Cynthia's Arrival

Molly’s father was not at home when she returned; and there was no one to give her a welcome. Mrs. Gibson was out paying calls, the servants told Molly. She went upstairs to her own room, meaning to unpack and arrange her borrowed books. Rather to her surprise, she saw the chamber corresponding to her own being dusted; water and towels too were being carried in.

“Is any one coming?” she asked of the housemaid.

“Miss Kirkpatrick is coming to-morrow. Missus’s daughter from France.”

Was Cynthia coming at last? Oh, what a pleasure it would be to have a companion, a girl, a sister of her own age!

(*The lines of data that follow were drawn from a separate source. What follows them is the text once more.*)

locale colouring_extension =
  fixes V :: "'a set" and E :: "'a \<Rightarrow> 'a \<Rightarrow> bool" and l :: nat and \<alpha> :: "'a \<Rightarrow> nat"
    and W :: "'a set" and m :: nat and g :: "nat \<Rightarrow> nat"
  assumes E_symp: "symp E"
    and W_subset: "W \<subseteq> V"
    and \<alpha>_colouring: "colouring V E l \<alpha>"
    and g_inj: "inj_on g {1..m}"
    and g_colours: "g ` {1..m} \<subseteq> {1..l}"
    and boundary: "\<forall>x\<in>W. \<forall>y\<in>V - W. E x y \<longrightarrow> \<alpha> y \<notin> g ` {1..m}"
begin

definition extend :: "('a \<Rightarrow> nat) \<Rightarrow> 'a \<Rightarrow> nat" where
  "extend d v = (if v \<in> W then g (d v) else \<alpha> v)"

lemma extend_colouring:
  assumes d: "colouring W (induced E W) m d"
  shows "colouring V E l (extend d)"
proof -
  have range: "extend d v \<in> {1..l}" if "v \<in> V" for v
  proof (cases "v \<in> W")
    case True
    then have "g (d v) \<in> {1..l}"
      using g_colours colouring_in_colours[OF d] by blast
    with True show ?thesis
      by (simp add: extend_def)
  qed (use that colouring_in_colours[OF \<alpha>_colouring] in \<open>simp add: extend_def\<close>)
  have outside: "extend d v = 0" if "v \<notin> V" for v
    using that W_subset colouring_outside[OF \<alpha>_colouring] unfolding extend_def by auto
  have boundary_edge: "extend d x \<noteq> extend d y" if "x \<in> W" "y \<in> V - W" "E x y" for x y
  proof -
    have "\<alpha> y \<notin> g ` {1..m}"
      using boundary that by blast
    moreover have "g (d x) \<in> g ` {1..m}"
      using colouring_in_colours[OF d that(1)] by (rule imageI)
    ultimately have "g (d x) \<noteq> \<alpha> y"
      by metis
    with that show ?thesis
      by (simp add: extend_def)
  qed
  have proper: "extend d u \<noteq> extend d v" if uv: "u \<in> V" "v \<in> V" "E u v" for u v
  proof -
    consider "u \<in> W" "v \<in> W" | "u \<in> W" "v \<notin> W" | "u \<notin> W" "v \<in> W" | "u \<notin> W" "v \<notin> W"
      by blast
    then show ?thesis
    proof cases
      case 1
      then have "d u \<noteq> d v" and "d u \<in> {1..m}" and "d v \<in> {1..m}"
        using uv colouring_adj[OF d] colouring_in_colours[OF d] by (auto simp: induced_def)
      with 1 show ?thesis
        using g_inj by (simp add: extend_def inj_on_eq_iff)
    next
      case 2
      then show ?thesis
        using boundary_edge uv by blast
    next
      case 3
      moreover have "E v u"
        using E_symp uv(3) by (rule sympD)
      ultimately show ?thesis
        using boundary_edge[of v u] uv by auto
    next
      case 4
      then show ?thesis
        using colouring_adj[OF \<alpha>_colouring uv] by (simp add: extend_def)
    qed
  qed
  show ?thesis
    unfolding colouring_def using range outside proper by blast
qed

Molly’s depressed spirits sprang up again with bright elasticity. She longed for Mrs. Gibson’s return, to ask her all about it: it must be very sudden, for Mr. Gibson had said nothing of it at the Hall the day before. No quiet reading now; the books were hardly put away with Molly’s usual neatness. She went down into the drawing-room, and could not settle to anything. At last Mrs. Gibson came home, tired out with her walk and her heavy velvet cloak. Until that was taken off, and she had rested herself for a few minutes, she seemed quite unable to attend to Molly’s questions.

“Oh, yes! Cynthia is coming home to-morrow, by the ‘Umpire,’ which passes through at ten o’clock. What an oppressive day it is for the time of the year! I really am almost ready to faint. Cynthia heard of some opportunity, I believe, and was only too glad to leave school a fortnight earlier than we planned. She never gave me the chance of writing to say I did, or did not, like her coming so much before the time; and I shall have to pay for her just the same as if she had stopped. And I meant to have asked her to bring me a French bonnet; and then you could have had one made after mine. But I’m very glad she’s coming, poor dear.”

“Is anything the matter with her?” asked Molly.

“Oh, no! Why should there be?”

“You called her ‘poor dear,’ and it made me afraid lest she might be ill.”

“Oh, no! It’s only a way I got into, when Mr. Kirkpatrick died. A fatherless girl—you know one always does call them ‘poor dears.’ Oh, no! Cynthia never is ill. She’s as strong as a horse. She never would have felt to-day as I have done. Could you get me a glass of wine and a biscuit, my dear? I’m really quite faint.”

Mr. Gibson was much more excited about Cynthia’s arrival than her own mother was. He anticipated her coming as a great pleasure to Molly, on whom, in spite of his recent marriage and his new wife, his interests principally centred. He even found time to run upstairs and see the bed-rooms of the two girls; for the furniture of which he had paid a pretty round sum.

“Well, I suppose young ladies like their bed-rooms decked out in this way! It’s very pretty certainly, but”—

“I liked my own old room better, papa; but perhaps Cynthia is accustomed to such decking-up.”

“Perhaps; at any rate, she’ll see we’ve tried to make it pretty. Yours is like hers. That’s right. It might have hurt her, if hers had been smarter than yours. Now, goodnight in your fine flimsy bed.”

Molly was up betimes—almost before it was light— arranging her pretty Hamley flowers in Cynthia’s room. She could hardly eat her breakfast that morning. She ran upstairs and put on her things, thinking that Mrs. Gibson was quite sure to go down to the “Angel Inn,” where the “Umpire” stopped, to meet her daughter after a two years’ absence. But, to her surprise, Mrs. Gibson had arranged herself at her great worsted-work frame, just as usual; and she, in her turn, was astonished at Molly’s bonnet and cloak.